New EU report on health and medical tourism

European Parliament committee has produced a research paper on health tourism in the 28 EU countries.

The Committee on Transport and Tourism (TRAN), a committee of the European Parliament, has produced a research paper on health tourism in the 28 EU countries.

This study defines and explores health tourism and its three main components: medical, wellness, and spa tourism.

Medical tourism involves people travelling expressly to access medical treatment. People travel for wellness tourism to maintain or enhance their personal health and well-being. Spa tourism focuses on healing, relaxation or beautifying of the body that is preventative and/or curative in nature.

Due to limited, fragmented and often unreliable data, as well as varying definitions of health tourism and its components, it is difficult to estimate the size and growth of health tourism as a market.

Within the EU28, 56 million domestic and 5.1 million international trips in total were recorded for 2014. Health tourism’s share of these trips is small at 4.3% of all arrivals. 5.8% of all domestic arrivals and only 1.1% of all international arrivals are health tourism trips, according to the report.

Health tourism revenues total approximately €34 billion, which represents 4.6% of all tourism revenues, Health tourism helps counter seasonality in tourism. The share of health tourists arriving from outside the EU amounts to an estimated 6%.

Health tourism will develop at an average 2% growth per year, equal to overall growth in EU28 tourism. Wellness tourism accounts for roughly two-thirds to three-quarters of all health tourism.

France, Germany, Italy, Sweden and Poland are economically important destinations for health tourism. Finland, Bulgaria, Germany, Spain and Ireland all have a relatively high supply of wellness facilities in their accommodations, while the highest geographical densities of health and wellness facilities are found in Central and Eastern Europe and the Spanish and southern Baltic coasts.
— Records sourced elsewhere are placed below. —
lemma derivation_monomial_value:
  assumes V: "finite V" "\<And>v. v \<in> V \<Longrightarrow> a v \<in> G"
  shows "D (monomial_value V mo a) = (\<Sum>v\<in>V. of_nat (Poly_Mapping.lookup mo v) *
           monomial_value V (mo - Poly_Mapping.single v 1) a * D (a v))"
proof -
  have "D (monomial_value V mo a) = (\<Sum>v\<in>V. D (a v ^ Poly_Mapping.lookup mo v) *
           (\<Prod>w\<in>V - {v}. a w ^ Poly_Mapping.lookup mo w))"
    unfolding monomial_value_def
    by (rule derivation_prod[OF G D V(1)]) (simp add: subfield_power[OF G] V(2))
  also have "\<dots> = (\<Sum>v\<in>V. of_nat (Poly_Mapping.lookup mo v) *
           monomial_value V (mo - Poly_Mapping.single v 1) a * D (a v))"
  proof (intro sum.cong refl)
    fix v assume v: "v \<in> V"
    have rest: "(\<Prod>w\<in>V - {v}. a w ^ Poly_Mapping.lookup (mo - Poly_Mapping.single v 1) w) =
        (\<Prod>w\<in>V - {v}. a w ^ Poly_Mapping.lookup mo w)"
      by (intro prod.cong refl) (auto simp: lookup_minus lookup_single)
    have m: "monomial_value V (mo - Poly_Mapping.single v 1) a =
        a v ^ (Poly_Mapping.lookup mo v - 1) * (\<Prod>w\<in>V - {v}. a w ^ Poly_Mapping.lookup mo w)"
      unfolding monomial_value_def rest[symmetric] using v V(1) by (simp add: prod.remove lookup_minus)
    show "D (a v ^ Poly_Mapping.lookup mo v) * (\<Prod>w\<in>V - {v}. a w ^ Poly_Mapping.lookup mo w) =
        of_nat (Poly_Mapping.lookup mo v) * monomial_value V (mo - Poly_Mapping.single v 1) a * D (a v)"
    proof (cases "Poly_Mapping.lookup mo v")
      case 0
      then show ?thesis by (simp add: derivation_1[OF G D])
    next
      case (Suc k)
      then show ?thesis
        unfolding m using derivation_power[OF G D V(2)[OF v], of k] by (simp add: mult_ac)
    qed
  qed
  finally show ?thesis .
qed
The largest source and destination markets are France, Germany and Sweden.

The lack of clear and unified definitions of health tourism makes it difficult to include health tourism in tourism statistics. Generally, national or local tourism statistics fail to accommodate health tourism. Even economic tourism statistics do not define or distinguish health tourism. This makes it difficult to assess the importance, growth, impacts and effects of health tourism.

The report figures have to be taken with care as they both include domestic and international health tourism figures and rely on printed sources rather then new material.

EU policies exist for patient mobility, but not for health tourism as such. The European Regional Development Fund funds several health tourism projects. Health tourism policies (as part of tourism, or health policies, or as a separate policy) on a national and regional level are common in EU countries.

There are doubts about the governmental support to sustain medical tourism. Even though Italy and France each have the ambition to become a medical tourism destination, this desire has not materialised in their policies. Often, there is a sense of distrust and an inability to cooperate.

The report makes some tentative policy recommendations:

  • Increase the number of member states that include spa treatments in their national healthcare system and policies.
  • Remove upfront payments in the case of cross-border healthcare, as this is a barrier for low-income patients.
  • Improve the effectiveness of the cross border healthcare directive in its implementation in national healthcare systems.
  • Consider the benefits of a joint EU promotion of wellness and spa tourism
  • Regulate procedures in medical tourism to prevent undesirable incidents such as in cosmetic surgery, as this generates negative press and creates a problematic image for all medical tourism
  • Continue funding health tourism projects.